Insights From: Joyce O'Shaughnessy, MD, Baylor University Medical Center and Texas Oncology, US Oncology
Published: Friday, May 04, 2018



Transcript: 

Joyce O’Shaughnessy, MD: In ER [estrogen receptor]-positive, HER2 [human epidermal growth factor receptor 2]-negative metastatic breast cancer, when we’re thinking about what therapy to give a woman, there are multiple factors we consider. The natural history of her disease is probably most important. The most important prognostic factor is probably how long it took the metastatic disease to develop after that primary diagnosis. Or, is it a de novo metastatic cancer, which also has a more favorable prognosis among metastatic breast cancer. So, we consider the disease-free interval, treatment-free interval, and how long the woman was on endocrine therapy before her cancer recurred. For example, recurring on adjuvant endocrine therapy is a poor prognostic sign. That’s really quite resistant to endocrine therapy.

Maybe she completed her endocrine therapy, and she’s been off for 5 or 10 years. That’s a favorable sign. We consider that disease-free interval, whether or not the breast cancer recurred on endocrine therapy, and overall tumor burden, or how many sites of metastatic disease are involved. Is there liver metastasis? What’s the extent of disease within the liver? Is there end-organ function? How symptomatic is the woman? Then on rebiopsy, we ask how strong that estrogen receptor is, making sure that HER2 positivity has not emerged as a resistance mechanism. Then, of course, we consider her overall health, her comorbidities, and of course her overall wishes and desires—her particular goals, as well.

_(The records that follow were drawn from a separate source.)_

(* Let $K$ be a number field and let $\mathcal{R}_K$ be a system of representatives of the ideal class group of $K$ such that each $\mathfrak{g}\in\mathcal{R}_K$ is an integral ideal of $\mathcal{O}_K$ whose absolute norm is minimal among the integral ideals in its ideal class. Then every element of $\mathcal{R}_K$ is inseverable.
   Context: A nonzero ideal $\mathfrak{a}\subseteq\mathcal{O}_K$ is inseverable if the only principal ideal dividing (containing) $\mathfrak{a}$ is $\mathcal{O}_K$. *)

theory Defs
  imports "HOL-Computational_Algebra.Polynomial"
begin

text \<open>A number field is modelled as a subfield K of the complex numbers
  that is finite-dimensional over the rationals (every subfield of C contains Q).\<close>

definition subfield_of_complex :: "complex set \<Rightarrow> bool" where
  "subfield_of_complex K \<longleftrightarrow> 0 \<in> K \<and> 1 \<in> K \<and>
     (\<forall>x\<in>K. \<forall>y\<in>K. x + y \<in> K \<and> x - y \<in> K \<and> x * y \<in> K) \<and>
     (\<forall>x\<in>K. x \<noteq> 0 \<longrightarrow> inverse x \<in> K)"

definition number_field :: "complex set \<Rightarrow> bool" where
  "number_field K \<longleftrightarrow> subfield_of_complex K \<and>
     (\<exists>bs :: complex list. set bs \<subseteq> K \<and>
        K \<subseteq> {(\<Sum>i<length bs. of_rat (q i) * bs ! i) | q. True})"

definition algebraic_integer :: "complex \<Rightarrow> bool" where
  "algebraic_integer x \<longleftrightarrow>
     (\<exists>p :: int poly. lead_coeff p = 1 \<and> poly (map_poly of_int p) x = 0)"

definition ring_of_integers :: "complex set \<Rightarrow> complex set" where
  "ring_of_integers K = {x \<in> K. algebraic_integer x}"

definition nonzero_integral_ideal :: "complex set \<Rightarrow> complex set \<Rightarrow> bool" where
  "nonzero_integral_ideal K I \<longleftrightarrow> I \<subseteq> ring_of_integers K \<and> 0 \<in> I \<and> I \<noteq> {0} \<and>
     (\<forall>x\<in>I. \<forall>y\<in>I. x + y \<in> I) \<and>
     (\<forall>r\<in>ring_of_integers K. \<forall>x\<in>I. r * x \<in> I)"

definition principal_ideal :: "complex set \<Rightarrow> complex \<Rightarrow> complex set" where
  "principal_ideal K a = {a * x | x. x \<in> ring_of_integers K}"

In ER-positive, HER2-negative metastatic breast cancer for patients in the first-line metastatic setting, we could choose endocrine therapy alone, such as an aromatase [AI] inhibitor or fulvestrant, or combinations: usually a nonsteroidal aromatase inhibitor with a CDK4/6 [cyclin-dependent kinases 4 and 6] inhibitor or chemotherapy. Probably the easiest decision is on chemotherapy. Increasingly, because the CDK4/6 inhibitors can work so quickly even in patients with concerning clinical characteristics, chemotherapy should probably be reserved for patients who have substantial organ dysfunction from metastatic breast cancer. Patients with significant dyspnea or significantly abnormal liver function tests in particular would be the group that we’d be more likely to utilize combination chemotherapy in. I think that group is shrinking because of the effectiveness of the CDK4/6 inhibitors.

On the other end of the spectrum, endocrine therapy alone would only be used in a very limited fashion. The only scenario where I can honestly think about using endocrine therapy alone in first-line metastatic disease is with a woman who has very small-volume disease and predicted endocrine therapy-sensitive disease, with either a long natural history or de novo metastatic, strongly ER/PR [progesterone receptor] positive, lower grade, more slowly proliferative disease. Comorbidities that would make you want to keep the therapeutic regimen as simple as possible with the fewest possible [adverse] effects for someone whose life span was very limited by other comorbidities, such as severe heart disease, lung disease, or CNS [central nervous system] disease, etc.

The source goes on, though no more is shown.